Mutators¶
Author: Stephen Roller
Mutators are task-independent data transformations, which are applicable to any dataset. Examples of mutators include:
Reversing all the turns in a conversation
Down-sampling the dataset
Shuffling the words in a turn
and much more
Mutators are particularly useful when you want to train or test on different variants of the data. For example, Sundkar et al. (2019) showed that different models react differently to having their turns or words shuffled.
For a full list of Mutators existing in ParlAI, check our [mutators][Mutators Reference].
:::{warning} New feature Mutators is a brand new feature in ParlAI. If you experience any issues with it, please file an issue on GitHub. :::
Usage¶
The --mutators
argument should be available for every script where a --task
argument is available. Simply begin adding it to use a mutated dataset.

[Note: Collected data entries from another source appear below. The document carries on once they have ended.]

(* Under the standing setup in the context, there are constants $K\ge1$ and $C\ge0$ such that \[\frac1K\rho(x,y)-C\le\rho_\phi([x],[y])\le K\rho(x,y)+C\quad\text{for all }x,y\in X.\] Consequently the collapsing map $\phi:X\to X^*$, $\phi(x)=[x]$, is a quasi-isometry between $(X,\rho)$ and $(X^*,\rho_\phi)$.
   Context: A semi-metric on a set $Z$ is a function $d:Z\times Z\to[0,\infty)$ with $d(x,y)=0$ iff $x=y$ and $d(x,y)=d(y,x)$. For $b\ge1$, $c\ge0$, a $(b,c)$-metric is a semi-metric with $d(x,z)\le b(d(x,y)+d(y,z))+c$ for all $x,y,z$. A map $g$ from a $(b,c)$-metric space $(X,\rho)$ to a semi-metric space $(Y,\sigma)$ is a quasi-isometry if there are $K\ge1$, $C\ge0$ with $\frac1K\rho(x,y)-C\le\sigma(g(x),g(y))\le K\rho(x,y)+C$ for all $x,y$. Standing setup. $X$ is a topological space (in the paper an $n$-manifold) carrying a $(b,c)$-metric $\rho$. A collapsing set consists of: a subset $S\subseteq X$; a family $\mathcal F$ of pairwise disjoint nonempty subsets of $S$ ("fibers") whose union is $S$; and a subset $T\subseteq S$ meeting each fiber in exactly one point. The fibering is bounded: $f:=\sup_{F\in\mathcal F}\sup_{u,v\in F}\rho(u,v)<\infty$. For $a,a'\in T$, the length of a continuous path $\gamma:[0,1]\to T$ is $\ell(\gamma)=\sup\sum_{i=1}^k\rho(\gamma(t_{i-1}),\gamma(t_i))$ over partitions $0=t_0<\dots<t_k=1$, and $\rho_p(a,a')$ is the infimum of $\ell(\gamma)$ over continuous paths in $T$ from $a$ to $a'$. $T$ is a Lipschitz curve: there is $L\ge1$ with $\rho_p(a,a')\le L\,\rho(a,a')$ for all $a,a'\in T$. The collapsing relation is $x\sim y$ iff $x=y$ or $x,y$ lie in a common fiber; $X^*=X/\!\sim$, $\phi(x)=[x]$. For $x\in X$ let $r_x=\inf_{s\in S}\rho(x,s)$; assume this infimum is attained and fix $x_S\in S$ with $\rho(x,x_S)=r_x$, taking $x_S=x$ when $x\in S$. Let $x'$ denote the unique point of $T$ in the fiber containing $x_S$. The collapsed metric is $\rho_\phi([x],[y])=\rho(x,y)$ if $x,y\notin S$ and $\rho(x,y)\le r_x+r_y$, and $\rho_\phi([x],[y])=\rho_p(x',y')+r_x+r_y$ otherwise. *)

theory Defs
  imports "HOL-Analysis.Analysis" "HOL-Library.Extended_Real"
begin

definition semi_metric :: "('a \<Rightarrow> 'a \<Rightarrow> real) \<Rightarrow> bool" where
  "semi_metric d \<longleftrightarrow> (\<forall>x y. d x y \<ge> 0 \<and> (d x y = 0 \<longleftrightarrow> x = y) \<and> d x y = d y x)"

definition bc_metric :: "real \<Rightarrow> real \<Rightarrow> ('a \<Rightarrow> 'a \<Rightarrow> real) \<Rightarrow> bool" where
  "bc_metric b c d \<longleftrightarrow> b \<ge> 1 \<and> c \<ge> 0 \<and> semi_metric d \<and>
     (\<forall>x y z. d x z \<le> b * (d x y + d y z) + c)"

definition quasi_isometry :: "'a set \<Rightarrow> ('a \<Rightarrow> 'a \<Rightarrow> real) \<Rightarrow> ('b \<Rightarrow> 'b \<Rightarrow> real) \<Rightarrow> ('a \<Rightarrow> 'b) \<Rightarrow> bool" where
  "quasi_isometry X rho sg g \<longleftrightarrow> (\<exists>K C. K \<ge> 1 \<and> C \<ge> 0 \<and>
     (\<forall>x\<in>X. \<forall>y\<in>X. rho x y / K - C \<le> sg (g x) (g y) \<and> sg (g x) (g y) \<le> K * rho x y + C))"

definition partitions01 :: "(nat \<times> (nat \<Rightarrow> real)) set" where
  "partitions01 = {(k, t). k \<ge> 1 \<and> t 0 = 0 \<and> t k = 1 \<and> (\<forall>i<k. t i < t (Suc i))}"

definition path_length :: "('a \<Rightarrow> 'a \<Rightarrow> real) \<Rightarrow> (real \<Rightarrow> 'a) \<Rightarrow> ereal" where
  "path_length rho \<gamma> = (SUP p \<in> partitions01.
      ereal (\<Sum>i\<in>{1..fst p}. rho (\<gamma> (snd p (i - 1))) (\<gamma> (snd p i))))"

definition rho_p :: "('a::topological_space \<Rightarrow> 'a \<Rightarrow> real) \<Rightarrow> 'a set \<Rightarrow> 'a \<Rightarrow> 'a \<Rightarrow> ereal" where
  "rho_p rho T a a' = (INF \<gamma> \<in> {\<gamma>. continuous_on {0..1} \<gamma> \<and> \<gamma> ` {0..1} \<subseteq> T \<and> \<gamma> 0 = a \<and> \<gamma> 1 = a'}.
      path_length rho \<gamma>)"

definition dist_to :: "('a \<Rightarrow> 'a \<Rightarrow> real) \<Rightarrow> 'a set \<Rightarrow> 'a \<Rightarrow> real" where
  "dist_to rho S x = Inf (rho x ` S)"

definition tpoint :: "'a set set \<Rightarrow> 'a set \<Rightarrow> ('a \<Rightarrow> 'a) \<Rightarrow> 'a \<Rightarrow> 'a" where
  "tpoint Fs T xS x = (THE t. t \<in> T \<and> (\<exists>F\<in>Fs. xS x \<in> F \<and> t \<in> F))"

text \<open>Collapsed metric, written on representatives x, y of the classes [x], [y].\<close>
definition rho_phi :: "('a::topological_space \<Rightarrow> 'a \<Rightarrow> real) \<Rightarrow> 'a set \<Rightarrow> 'a set set \<Rightarrow> 'a set
     \<Rightarrow> ('a \<Rightarrow> 'a) \<Rightarrow> 'a \<Rightarrow> 'a \<Rightarrow> real" where
  "rho_phi rho S Fs T xS x y =
     (if x \<notin> S \<and> y \<notin> S \<and> rho x y \<le> dist_to rho S x + dist_to rho S y then rho x y
      else real_of_ereal (rho_p rho T (tpoint Fs T xS x) (tpoint Fs T xS y))
           + dist_to rho S x + dist_to rho S y)"

definition collapse_rel :: "'a set set \<Rightarrow> ('a \<times> 'a) set" where
  "collapse_rel Fs = {(x, y). x = y \<or> (\<exists>F\<in>Fs. x \<in> F \<and> y \<in> F)}"

definition collapse_map :: "'a set set \<Rightarrow> 'a \<Rightarrow> 'a set" where
  "collapse_map Fs x = collapse_rel Fs `` {x}"

definition rho_star :: "('a::topological_space \<Rightarrow> 'a \<Rightarrow> real) \<Rightarrow> 'a set \<Rightarrow> 'a set set \<Rightarrow> 'a set
     \<Rightarrow> ('a \<Rightarrow> 'a) \<Rightarrow> 'a set \<Rightarrow> 'a set \<Rightarrow> real" where
  "rho_star rho S Fs T xS A B =
     rho_phi rho S Fs T xS (SOME x. A = collapse_map Fs x) (SOME y. B = collapse_map Fs y)"

end

theory Submission
  imports Defs
begin

text \<open>Iterating the quasi-triangle inequality of a \<open>(b,c)\<close>-metric along a chain of fixed
length only costs multiplicative and additive constants, so it suffices to compare \<open>\<rho>\<close> and
\<open>\<rho>\<^sub>\<phi>\<close> along the chains \<open>x', x\<^sub>S, x, y, y\<^sub>S, y'\<close> and \<open>x, x\<^sub>S, x', y', y\<^sub>S, y\<close>. The outer steps are
bounded by the fiber diameter, the steps to \<open>x\<^sub>S\<close> cost \<open>r\<^sub>x\<close>, the path metric on \<open>T\<close> is
bi-Lipschitz to \<open>\<rho>\<close>, and whenever \<open>\<rho>\<^sub>\<phi>\<close> uses the path metric we have \<open>r\<^sub>x + r\<^sub>y \<le> \<rho>(x,y)\<close>.
The metric on classes evaluates \<open>\<rho>\<^sub>\<phi>\<close> at chosen representatives, which lie in the fiber of
the given points; moving both arguments of \<open>\<rho>\<close> a bounded distance changes it only coarsely.\<close>

definition coarsely_dominated :: "('a \<Rightarrow> 'a \<Rightarrow> real) \<Rightarrow> ('a \<Rightarrow> 'a \<Rightarrow> real) \<Rightarrow> bool" where
  "coarsely_dominated d e \<longleftrightarrow> (\<exists>K C. K \<ge> 1 \<and> C \<ge> 0 \<and> (\<forall>x y. d x y \<le> K * e x y + C))"
(* Let $s,t,D\ge1$ be integers, let $\mathcal G=\{G_1,\dots,G_t\}$ be an $s$-joined graph family on $n$ vertices, and let $\mathcal H$ be a rooted $[t]$-edge-colored graph with $\Delta^{mon}(\mathcal H)\le D$ and $|V(\mathcal H)|\le n-2sD-3s$. Let $(w,r)\in V(\mathcal H)\times[t]$ with $\deg_{H_r}(w)<D$ and let $\mathcal H+wu$ be the extension of $\mathcal H$ with $w\overset{r}{\sim}u$. If $\phi:\mathcal H\hookrightarrow\mathcal G$ is a $(2s,D)$-good embedding, then there is a $(2s,D)$-good embedding $\phi':\mathcal H+wu\hookrightarrow\mathcal G$ extending $\phi$.
   Context: A graph family $\mathcal G=\{G_1,\dots,G_t\}$ is a collection of $t$ simple graphs on a common finite vertex set $V$, $n=|V|$. For $X\subseteq V\times[t]$, $\Gamma_{\mathcal G}(X)=\bigcup_{(v,i)\in X}\{u\in V:uv\in E(G_i)\}$. The family is $s$-joined if for all $X\subseteq V\times[t]$ and $Y\subseteq V$ with $|X|\ge s$ and $|Y|\ge s$ there exist $(v,i)\in X$ and $y\in Y$ with $vy\in E(G_i)$. A $[t]$-edge-colored graph $\mathcal H$ is a simple graph with each edge colored in $[t]$; $H_i$ is its spanning subgraph of color-$i$ edges, $\deg_{H_i}(h)$ the number of color-$i$ edges at $h$, and $\Delta^{mon}(\mathcal H)=\max_i\max_h\deg_{H_i}(h)$. An embedding $\phi:\mathcal H\hookrightarrow\mathcal G$ is an injective map $V(\mathcal H)\to V$ with $\phi(x)\phi(y)\in E(G_i)$ for every edge $xy$ of color $i$. A rooted $[t]$-edge-colored graph is one with a distinguished set of roots such that, after deleting all edges with both ends roots, every connected component is a tree containing exactly one root; for a non-root $h$ the unique path from $h$ to the root set (meeting it only at its last vertex) determines the parent of $h$ (its neighbour on the path) and $c(h)$, the color of the edge from $h$ to its parent. For fixed $D$: $P_\phi(\mathcal H)=\{(\phi(h),c(h)):h\text{ non-root}\}$ and, for $X\subseteq V\times[t]$, $R(X,\phi)=|\Gamma_{\mathcal G}(X)\setminus\phi(V(\mathcal H))|-\sum_{(v,i)\in X}[D-\deg_{H_i}(\phi^{-1}(v))]-|P_\phi(\mathcal H)\cap X|$, with $\deg_{H_i}(\phi^{-1}(v))=0$ if $v\notin\phi(V(\mathcal H))$. The embedding $\phi$ is $(s,D)$-good if $R(X,\phi)\ge0$ for every $X\subseteq V\times[t]$ with $|X|\le s$. For $w\in V(\mathcal H)$ and $r\in[t]$ with $\deg_{H_r}(w)<D$, the extension $\mathcal H+wu$ with $w\overset{r}{\sim}u$ is the rooted graph obtained by adding a new non-root vertex $u$ joined to $w$ by an edge of color $r$ (roots unchanged). An embedding extends $\phi$ if it agrees with $\phi$ on $V(\mathcal H)$. *)

theory Defs
  imports Main
begin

For example, one of the simplest mutators is flatten
, which just flattens
the conversation.
parlai display_data --task dailydialog --mutators flatten
Composability¶
Mutators are intentionally designed to be composable. That is, we can stack mututators on top of each other by specifying multiple on the command line:
parlai display_data -t dailydialog --mutators word_shuffle+flatten
parlai display_data -t dailydialog --mutators word_shuffle,flatten # equivalent
This runs the word_shuffle
mutator, and pipes the output to the flatten
mutator
Multi-task mutators¶
Mutators default to being applied on every task. For example, this applies the same mutators to both tasks (independently):
parlai display_data -t dailydialog,convai2 --mutators word_shuffle+flatten
If necessary, you may also supply mutators to specific tasks. Note that in this
case, you can only use the +
joiner, and ,
is unavailable.
parlai display_data -t dailydialog:mutators=word_shuffle,convai2:mutators=flatten+word_shuffle
Mutator arguments¶
Some mutators have additional arguments. For example, episode_shuffle
has an
argument preserve_context
.
parlai display_data -t dailydialog --mutators episode_shuffle --preserve_context True
Unfortunately, mutator arguments cannot be directly specified when using the --task X:mutators=
format. Instead, we can pass mutator arguments through the task argument.
parlai display_data -t dailydialog:mutators=episode_shuffle:preserve_context=True
Writing your own Mutators¶
Mutators are meant to be added too. Following other patterns in ParlAI, you can
add your own mutators by making sure you decorate your Mutator class with
@register_mutator("example_name")
before the script runs if you’re
using ParlAI in an IPython notebook; if you’ve checked out ParlAI code locally
to make your own modifications, you can add a new file in
parlai/mutators
.
ParlAI has 3 base classes for Mutators. Choosing the right base class is only about making bookkeeping easier.
MessageMutator
is used when you need to make changes to individual turns, and is no relationship between turns.EpisodeMutator
is when you want to make changes to whole conversations (episodes), but you want to keep the number of episodes fixed.ManyEpisodeMutator
is the most powerful setting, and lets you map each episode to 0 or more episodes. It is also slightly more complex.
:::{warning} Sharing Unlike you may expect from other parts of ParlAI, Mutators do not have any sort of sharing mechanism. There is always exactly one instance of each mutator specified on the command line. :::
For information on writing Mutators, please see the API Reference. As additional resources, we provide the following examples:
Word Shuffle: shows how to implement a simple
MessageMutator
.Episode Reverse: shows how to implement a simple
EpisodeMutator
.Flatten: shows how to implement a
ManyEpisodeMutator
.